START Input records

lemma stiefel_map_perturb:
  fixes U E :: "real^'r^'d"
  assumes U: "transpose U ** U = mat 1" and E: "op_bounded E \<delta>" and \<delta>: "\<delta> \<le> 1/16"
  shows "op_bounded (stiefel_map (U + E) - U) (8 * \<delta>)"
proof -
  define Z where "Z = U + E"
  define P where "P = psd_sqrt (transpose Z ** Z)"
  have P: "psd_matrix P" "P ** P = transpose Z ** Z"
    unfolding P_def using psd_sqrt[OF symmetric_matrix_gram psd_matrix_gram] by auto
  have \<delta>0: "0 \<le> \<delta>" by (rule op_bounded_nonneg[OF E])
  have oU: "op_bounded U 1" using stiefel_isometry[OF U] by (simp add: op_bounded_def)
  have oUt: "op_bounded (transpose U) 1" by (rule op_bounded_transpose[OF oU])
  have PP: "P ** P - mat 1 = transpose U ** E + transpose E ** U + transpose E ** E"
    unfolding P Z_def using U by (simp add: transpose_add matrix_add_ldistrib matrix_add_rdistrib)
  have "op_bounded (P ** P - mat 1) (1 * \<delta> + \<delta> * 1 + \<delta> * \<delta>)"
    unfolding PP by (intro op_bounded_add op_bounded_mult oU oUt E op_bounded_transpose \<delta>0) simp_all
  then have "op_bounded (P ** P - mat 1) (3 * \<delta>)"
    by (rule op_bounded_mono) (use mult_left_le_one_le[OF \<delta>0 \<delta>0] \<delta> in simp)
  then have P1: "op_bounded (P - mat 1) (3 * \<delta>)" by (rule op_bounded_psd_minus_id[OF P(1)])
  have "P \<in> bounded_below_matrices 2"
    unfolding bounded_below_matrices_def
  proof (intro CollectI allI)
    fix y
    have "P *v y - (P - mat 1) *v y = y" by (simp add: matrix_vector_mult_diff_rdistrib)
    then have "norm y \<le> norm (P *v y) + norm ((P - mat 1) *v y)"
      using norm_triangle_ineq4[of "P *v y" "(P - mat 1) *v y"] by simp
    also have "\<dots> \<le> norm (P *v y) + 3 * \<delta> * norm y"
      using P1 unfolding op_bounded_def by simp
    finally show "norm y \<le> 2 * norm (P *v y)"
      using \<delta> mult_right_mono[of "3 * \<delta>" "1/2" "norm y"] by simp
  qed
  then have inv: "invertible P" and Pinv: "op_bounded (matrix_inv P) 2"
    by (rule bounded_below_matrix_inv)+
  define Pi where "Pi = matrix_inv P"
  have "stiefel_map (U + E) = Z ** Pi"
    unfolding stiefel_map_def Pi_def P_def Z_def ..
  moreover have "U ** (P - mat 1) ** Pi = U - U ** Pi"
    using matrix_inv(1)[OF inv]
    by (simp add: Pi_def matrix_diff_ldistrib matrix_diff_rdistrib flip: matrix_mul_assoc)
  ultimately have "stiefel_map (U + E) - U = E ** Pi - U ** (P - mat 1) ** Pi"
    by (simp add: Z_def matrix_add_rdistrib)
  moreover have "op_bounded (E ** Pi - U ** (P - mat 1) ** Pi) (\<delta> * 2 + 1 * (3 * \<delta>) * 2)"
    unfolding Pi_def by (intro op_bounded_diff op_bounded_mult E Pinv oU P1) (simp_all add: \<delta>0)
  ultimately show ?thesis by simp
qed
lemma sum_hnorm2_tight_frame:
  fixes v :: "nat \<Rightarrow> ('d::finite \<Rightarrow> quat)" and B :: real
  assumes "\<And>x. B * hnorm2 x = (\<Sum>j<n. qnorm2 (hinner x (v j)))"
  shows "(\<Sum>j<n. hnorm2 (v j)) = card (UNIV :: 'd set) * B"
proof -
  have "B = (\<Sum>j<n. qnorm2 (v j i))" for i
    using assms[of "\<lambda>k. if k = i then Quat 1 0 else 0"]
    by (simp add: hinner_unit hnorm2_unit qnorm2_def Co1_def Co2_def qcnj_def)
  then show ?thesis
    by (simp add: hnorm2_def sum.swap[where A="{..<n}"])
qed


lemma htight_if_ctight_toC:
  fixes v :: "nat \<Rightarrow> ('d::finite \<Rightarrow> quat)"
  assumes "ctight (\<lambda>j. toC (v j)) n"
  shows "htight v n"
proof -
  obtain A where "A > 0"
    and A: "\<And>y. A * cnorm2 y = (\<Sum>j<n. (cmod (cinner y (toC (v j))))\<^sup>2)"
    using assms unfolding ctight_def by blast
  have "(2 * A) * hnorm2 x = (\<Sum>j<n. qnorm2 (hinner x (v j)))" for x
    using A[of "toC x"] A[of "toC (hmult_j x)"]
    by (simp add: frame_sum_toC cnorm2_toC hnorm2_hmult_j)
  with \<open>A > 0\<close> show ?thesis
    unfolding htight_def by (intro exI[of _ "2 * A"]) auto
qed

lemma ctight_toC_iff_potentials_eq:
  fixes v :: "nat \<Rightarrow> ('d::finite \<Rightarrow> quat)"
  assumes "htight v n"
  shows "ctight (\<lambda>j. toC (v j)) n \<longleftrightarrow>
           (\<Sum>j<n. \<Sum>k<n. (cmod (Co1 (hinner (v j) (v k))))\<^sup>2)
           = (\<Sum>j<n. \<Sum>k<n. (cmod (Co2 (hinner (v j) (v k))))\<^sup>2)"
    (is "ctight ?u n \<longleftrightarrow> ?C1 = ?C2")
proof -
  obtain B where "B > 0" and B: "\<And>x. B * hnorm2 x = (\<Sum>j<n. qnorm2 (hinner x (v j)))"
    using assms unfolding htight_def by blast
  define T where "T = (\<Sum>j<n. hnorm2 (v j))"
  have T_toC: "T = (\<Sum>j<n. cnorm2 (?u j))"
    by (simp add: T_def cnorm2_toC)
  have C1: "?C1 = (\<Sum>j<n. \<Sum>k<n. (cmod (cinner (?u j) (?u k)))\<^sup>2)"
    by (simp add: Co1_hinner)
  have C2: "?C2 = (\<Sum>j<n. \<Sum>k<n. (cmod (cinner (toC (hmult_j (v j))) (?u k)))\<^sup>2)"
    by (simp add: cmod_Co2_hinner)
  have "?C1 + ?C2 = (\<Sum>j<n. \<Sum>k<n. qnorm2 (hinner (v j) (v k)))"
    by (simp add: qnorm2_def sum.distrib)
  also have "\<dots> = B * T"
    by (simp add: T_def sum_distrib_left B)
  finally have sum_C: "?C1 + ?C2 = B * T" .
  have T_trace: "T = card (UNIV :: 'd set) * B"
    unfolding T_def using B by (rule sum_hnorm2_tight_frame)
  show ?thesis
  proof
    assume "ctight ?u n"
    then obtain A where A: "\<And>y. A * cnorm2 y = (\<Sum>j<n. (cmod (cinner y (?u j)))\<^sup>2)"
      unfolding ctight_def by blast
    have "?C1 = A * T"
      unfolding C1 T_toC sum_distrib_left A ..
    moreover have "?C2 = A * T"
      unfolding C2 T_def sum_distrib_left A[symmetric] by (simp add: cnorm2_toC_hmult_j)
    ultimately show "?C1 = ?C2" by simp
  next
    assume "?C1 = ?C2"
    have "card (UNIV :: 'd set) > 0"
      by (simp add: finite_UNIV_card_ge_0)
    then have "T > 0"
      using \<open>B > 0\<close> by (simp add: T_trace)
    have "card (UNIV :: ('d + 'd) set) = 2 * card (UNIV :: 'd set)"
      using card_Plus[of "UNIV :: 'd set" "UNIV :: 'd set"] by simp
    then have "real (card (UNIV :: ('d + 'd) set)) * ?C1 = card (UNIV :: 'd set) * (?C1 + ?C2)"
      using \<open>?C1 = ?C2\<close> by simp
    also have "\<dots> = T\<^sup>2"
      unfolding sum_C by (simp add: T_trace power2_eq_square)
    finally have "real (card (UNIV :: ('d + 'd) set)) * ?C1 = T\<^sup>2" .
    with \<open>T > 0\<close> show "ctight ?u n"
      by (intro ctight_if_potential_minimal) (simp_all only: T_toC C1)
  qed
qed

theorem theorem10:
  fixes v :: "nat \<Rightarrow> ('d::finite \<Rightarrow> quat)" and n :: nat
  shows "(ctight (\<lambda>j. toC (v j)) n \<longrightarrow> htight v n)
       \<and> (htight v n \<longrightarrow>
            (ctight (\<lambda>j. toC (v j)) n \<longleftrightarrow>
              (\<Sum>j<n. \<Sum>k<n. (cmod (Co1 (hinner (v j) (v k))))\<^sup>2)
              = (\<Sum>j<n. \<Sum>k<n. (cmod (Co2 (hinner (v j) (v k))))\<^sup>2)))"
  using htight_if_ctight_toC ctight_toC_iff_potentials_eq by blast

end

END Input records

If a line of the material contains the word "where", pick it out and copy it.

## [Exercise output]
  define Z where "Z = U + E"
  define P where "P = psd_sqrt (transpose Z ** Z)"
  define Pi where "Pi = matrix_inv P"
    by (simp add: hnorm2_def sum.swap[where A="{..<n}"])
  obtain A where "A > 0"
  obtain B where "B > 0" and B: "\<And>x. B * hnorm2 x = (\<Sum>j<n. qnorm2 (hinner x (v j)))"
  define T where "T = (\<Sum>j<n. hnorm2 (v j))"
    then obtain A where A: "\<And>y. A * cnorm2 y = (\<Sum>j<n. (cmod (cinner y (?u j)))\<^sup>2)"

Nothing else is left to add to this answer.